Biraz dışarı çıkıp bizim basınımıza bir göz atsanız…
Hiç tanımıyorum artık.
Eğer gazetecilik buysa.
İstemiyorum artık. Üstü de kalsın, altı da.
Sonda söyleyeceğimi, dayanamadım, baştan söyleyiverdim.
Eskiden “ikinci sayfa haberi” der geçilirdi… O da sonradan 12
Eylül sonrasının işi. Kibarcası “magazin” haberiydi. Gerçek adı
“dedikodu”! Kim kimle hangi barın; o da gece kulübü oldu;
şimdilerde o da eskidi İngilizce -Fransızca ad takılıyorlar, işte o
“gözde mekanların” kapısından çıkarken yakalandı. Şok! Şok!

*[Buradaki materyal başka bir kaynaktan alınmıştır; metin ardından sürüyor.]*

(* Let $R$ be a ring such that $R/J(R)$ is an abelian $\pi$-regular ring. Then $R$ is feckly clean.
   Context: Rings are associative with identity, not necessarily commutative; $J(R)$ is the Jacobson radical. A ring is abelian if all its idempotents are central. A ring $S$ is $\pi$-regular if for every $a\in S$ there is $n\in\mathbb{N}$ with $a^n\in a^nSa^n$. An element $u\in R$ is full if $RuR=R$. An element $a\in R$ is feckly clean if there exist $e\in R$ and a full element $u\in R$ with $a=e+u$ and $eR(1-e)\subseteq J(R)$; $R$ is feckly clean if every element is feckly clean. *)

theory Defs
  imports "HOL-Algebra.Algebra"
begin

definition left_ideal :: "'a set \<Rightarrow> ('a, 'b) ring_scheme \<Rightarrow> bool" where
  "left_ideal I R \<longleftrightarrow> additive_subgroup I R \<and>
     (\<forall>a \<in> carrier R. \<forall>x \<in> I. a \<otimes>\<^bsub>R\<^esub> x \<in> I)"

definition maximal_left_ideal :: "'a set \<Rightarrow> ('a, 'b) ring_scheme \<Rightarrow> bool" where
  "maximal_left_ideal I R \<longleftrightarrow> left_ideal I R \<and> I \<noteq> carrier R \<and>
     (\<forall>L. left_ideal L R \<and> I \<subseteq> L \<longrightarrow> L = I \<or> L = carrier R)"

definition jacobson :: "('a, 'b) ring_scheme \<Rightarrow> 'a set" where
  "jacobson R = carrier R \<inter> \<Inter>{I. maximal_left_ideal I R}"

definition abelian_ring :: "('a, 'b) ring_scheme \<Rightarrow> bool" where
  "abelian_ring S \<longleftrightarrow> (\<forall>e \<in> carrier S. e \<otimes>\<^bsub>S\<^esub> e = e \<longrightarrow>
     (\<forall>x \<in> carrier S. e \<otimes>\<^bsub>S\<^esub> x = x \<otimes>\<^bsub>S\<^esub> e))"

definition pi_regular :: "('a, 'b) ring_scheme \<Rightarrow> bool" where
  "pi_regular S \<longleftrightarrow> (\<forall>a \<in> carrier S. \<exists>n::nat. n > 0 \<and>
     (\<exists>b \<in> carrier S. a [^]\<^bsub>S\<^esub> n = a [^]\<^bsub>S\<^esub> n \<otimes>\<^bsub>S\<^esub> b \<otimes>\<^bsub>S\<^esub> a [^]\<^bsub>S\<^esub> n))"

text \<open>u is full if RuR = R, i.e. the two-sided ideal generated by u is R.\<close>
definition full_elem :: "('a, 'b) ring_scheme \<Rightarrow> 'a \<Rightarrow> bool" where
  "full_elem R u \<longleftrightarrow> u \<in> carrier R \<and> Idl\<^bsub>R\<^esub> {u} = carrier R"

definition feckly_clean_elem :: "('a, 'b) ring_scheme \<Rightarrow> 'a \<Rightarrow> bool" where
  "feckly_clean_elem R a \<longleftrightarrow> (\<exists>e \<in> carrier R. \<exists>u \<in> carrier R.
     a = e \<oplus>\<^bsub>R\<^esub> u \<and> full_elem R u \<and>
     (\<forall>r \<in> carrier R. e \<otimes>\<^bsub>R\<^esub> r \<otimes>\<^bsub>R\<^esub> (\<one>\<^bsub>R\<^esub> \<ominus>\<^bsub>R\<^esub> e) \<in> jacobson R))"

definition feckly_clean :: "('a, 'b) ring_scheme \<Rightarrow> bool" where
  "feckly_clean R \<longleftrightarrow> (\<forall>a \<in> carrier R. feckly_clean_elem R a)"

end

theory Submission
  imports Defs
begin

(* Write J for the Jacobson radical of R, defined as the intersection of the
   maximal left ideals, and S = R/J.
   (1) In an abelian pi-regular ring every element x is f + v with f a central idempotent
       (so f S (1 - f) = 0) and v right invertible: if x^n = x^n b x^n, then e = x^n b is a
       central idempotent, f = 1 - e kills x^n, so f x is nilpotent and 1 - f x is right
       invertible; an explicit right inverse of x - f is e x^(n-1) b - f (1 - f x)^(-1).
   (2) Such a decomposition of the image of a in S lifts to a = e + u in R: the condition
       f S (1 - f) = 0 says e R (1 - e) lies in J, and v w = 1 says 1 - u w lies in J.
       An element u with 1 - u w in J is full, since a left ideal containing u w and
       contained in a maximal left ideal M would contain 1 = (1 - u w) + u w. *)

section \<open>Left ideals\<close>

context ring begin

lemma left_idealI:
  assumes "I \<subseteq> carrier R" "\<zero> \<in> I" "\<And>a b. a \<in> I \<Longrightarrow> b \<in> I \<Longrightarrow> a \<oplus> b \<in> I"
    "\<And>a x. a \<in> carrier R \<Longrightarrow> x \<in> I \<Longrightarrow> a \<otimes> x \<in> I"
  shows "left_ideal I R"
proof -
  have neg: "\<ominus> x \<in> I" if "x \<in> I" for x
  proof -
    have "\<ominus> x = (\<ominus> \<one>) \<otimes> x" using that assms(1) by (auto simp: l_minus)
    thus ?thesis using assms(4) that by simp
  qed
  have "subgroup I (add_monoid R)"
    by (rule subgroup.intro) (use assms neg in \<open>auto simp: a_inv_def\<close>)
  thus ?thesis unfolding left_ideal_def using assms(4) by (auto intro: additive_subgroupI)
qed

lemma left_idealD:
  assumes "left_ideal I R"
  shows "I \<subseteq> carrier R" "\<zero> \<in> I" "\<And>a b. a \<in> I \<Longrightarrow> b \<in> I \<Longrightarrow> a \<oplus> b \<in> I"
    "\<And>a x. a \<in> carrier R \<Longrightarrow> x \<in> I \<Longrightarrow> a \<otimes> x \<in> I"
  using assms unfolding left_ideal_def
  by (auto dest: additive_subgroup.a_subset additive_subgroup.zero_closed additive_subgroup.a_closed)

lemma ideal_imp_left_ideal: "ideal I R \<Longrightarrow> left_ideal I R"
  unfolding left_ideal_def by (blast dest: ideal.axioms(1) ideal.I_l_closed)

lemma left_ideal_one:
  assumes "left_ideal I R" "\<one> \<in> I" shows "I = carrier R"
proof -
  have "x \<in> I" if "x \<in> carrier R" for x
    using left_idealD(4)[OF assms(1) that assms(2)] that by simp
  thus ?thesis using left_idealD(1)[OF assms(1)] by blast
qed

lemma colon_left_ideal:
  assumes "left_ideal M R" "r \<in> carrier R"
  shows "left_ideal {x \<in> carrier R. x \<otimes> r \<in> M} R"
  using left_idealD[OF assms(1)] assms(2) by (intro left_idealI) (auto simp: l_distr m_assoc)

lemma sum_left_ideal:
  assumes "left_ideal M R" "c \<in> carrier R"
  shows "left_ideal {m \<oplus> y \<otimes> c | m y. m \<in> M \<and> y \<in> carrier R} R"
proof (rule left_idealI)
  note M = left_idealD[OF assms(1)]
  let ?K = "{m \<oplus> y \<otimes> c | m y. m \<in> M \<and> y \<in> carrier R}"
  show "?K \<subseteq> carrier R" using M(1) assms(2) by auto
  have "\<zero> = \<zero> \<oplus> \<zero> \<otimes> c" using assms(2) by simp
  thus "\<zero> \<in> ?K" using M(2) by blast
  show "a \<oplus> b \<in> ?K" if a: "a \<in> ?K" and b: "b \<in> ?K" for a b
  proof -
    obtain m1 y1 where "a = m1 \<oplus> y1 \<otimes> c" "m1 \<in> M" "y1 \<in> carrier R" using a by blast
    moreover obtain m2 y2 where "b = m2 \<oplus> y2 \<otimes> c" "m2 \<in> M" "y2 \<in> carrier R"
      using b by blast
    ultimately have h: "a = m1 \<oplus> y1 \<otimes> c" "b = m2 \<oplus> y2 \<otimes> c"
      "m1 \<in> M" "y1 \<in> carrier R" "m2 \<in> M" "y2 \<in> carrier R" by blast+
    have "a \<oplus> b = (m1 \<oplus> m2) \<oplus> (y1 \<oplus> y2) \<otimes> c"
      using h M(1) assms(2) by (simp add: l_distr a_ac subsetD)
    thus ?thesis using h M(3) by blast
  qed
  show "a \<otimes> x \<in> ?K" if a: "a \<in> carrier R" and x: "x \<in> ?K" for a x
  proof -
    obtain m y where h: "x = m \<oplus> y \<otimes> c" "m \<in> M" "y \<in> carrier R" using x by blast
    have "a \<otimes> x = a \<otimes> m \<oplus> (a \<otimes> y) \<otimes> c"
      using h M(1) assms(2) a by (simp add: r_distr m_assoc subsetD)
    thus ?thesis using h M(4) a by blast
  qed
qed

Artık bu yakalanmalar ve ilişkiler o kadar sıradan ve olağan oldu
ki, haber değerini kaybetti.
Kim bugün kimin kolunda, yarın başkasının. Habercilerin yakalaması
bile zor.
Hem de kardeşim ne var bunda, kadın da erkek de özgür değil mi…
Şimdi siyasi haberler de böyle.
Magazin.
Şimdi söz aramızda kabahat yalnız gazetecilerde değil.
Siyaset de böyle oldu.
Hiç kırmızı çizgi, ilke, ülkü… hak getire.
Bir gün küfür ediyorsun, ertesi gün koluna giriyorsun bal
badem…
Milletvekili oluyorsun, sus pus. Seçilemeyince esip gürle…
Neyse biz elimizdeki gazeteci çuvaldızıyla devam edelim.
Türkiye yanıyor.
Kimin umurunda.
Tartışalım, değil mi. Çözümleri yarıştıralım… biraz ondan biraz
bundan… yeni yollar üretelim…
Milletin derdi bir değil ki… çözüm bekliyor. Haber yapalım ki,
karar verici mekanizmaları haberdar olsun, harekete geçirelim.
Oysa öyle mi.
Elimde kumanda. Hepsini geziyorum.
Hemen bütün kanallarda aynı başlık.
Gidecek mi, gitmeyecek mi…
Kim kulağımıza ne fısıldadı.
Hımm satır arasında şu şunu dedi… ha tamam o zaman, demek ki
ayrılacak…
Ellerinde bir papatya eksik!
Ama görmediniz herhalde, sosyal medyada şu kişi şunu yazdı…
En pratiği tivitler... Birer cümlelik biliyorsunuz.
Onun üzerine tartışmalar sürüyor.
Çekiliyor çekiliyor… uzuyor ha uzuyor…
Başka bir siyasi partinin milletvekiline, bir partinin genel
başkanı gider mi, gitmez mi; gitmeli mi gitmemeli mi bu
soruluyor…
Siyasete saygı da kalmadı. Bir adabı vardı. Bir Parti genel
başkanına yazı dilinde, “sayın” ne zaman kullanılır, ne zaman
adıyla ya da soyadıyla hitap edilir tartıştığımızı anımsıyorum.
Ha bir de araya çeşni mahiyetinde partilerden istifalar
serpiştiriliyor.
Heyecanın düzeyi artıyor.
İçerik mi?
Başkan gidecek iş bitecek mi?
O konu dışı.
Maksat dedi ve de kodu sporu.
Hadiii gazeteciler, köşe yazarları elbette fikir beyan
ediyorlar…en gözdeleri en iyi duyum alanlar…
Ekrandayken bile mesajlar geliyor. Bizi, izleyiciyi bırakıyorlar,
cık cık parmaklarıyla telefonlarıyla oynaşıyorlar.
Merak içinde ekrana kilitleniyoruz.
O parmaklardan ne harika haber çıkacak!!
Neyse ki hemen okuyorlar.
Taze taze.
Vır vır dedikodu.
Hele bir de arada tartışma kızıştırılır da alevlenirse reytingler
tavan yapacak.
Maaşlar yükselecek.
Bizimkiler?
Kiralar?
Enerji giderlerimiz?
Gübre fiyatları?
Başka seçim baharına.
Kısır döngü.
“Böyle gitmez artık!” yaklaştıkça yaklaşıyor.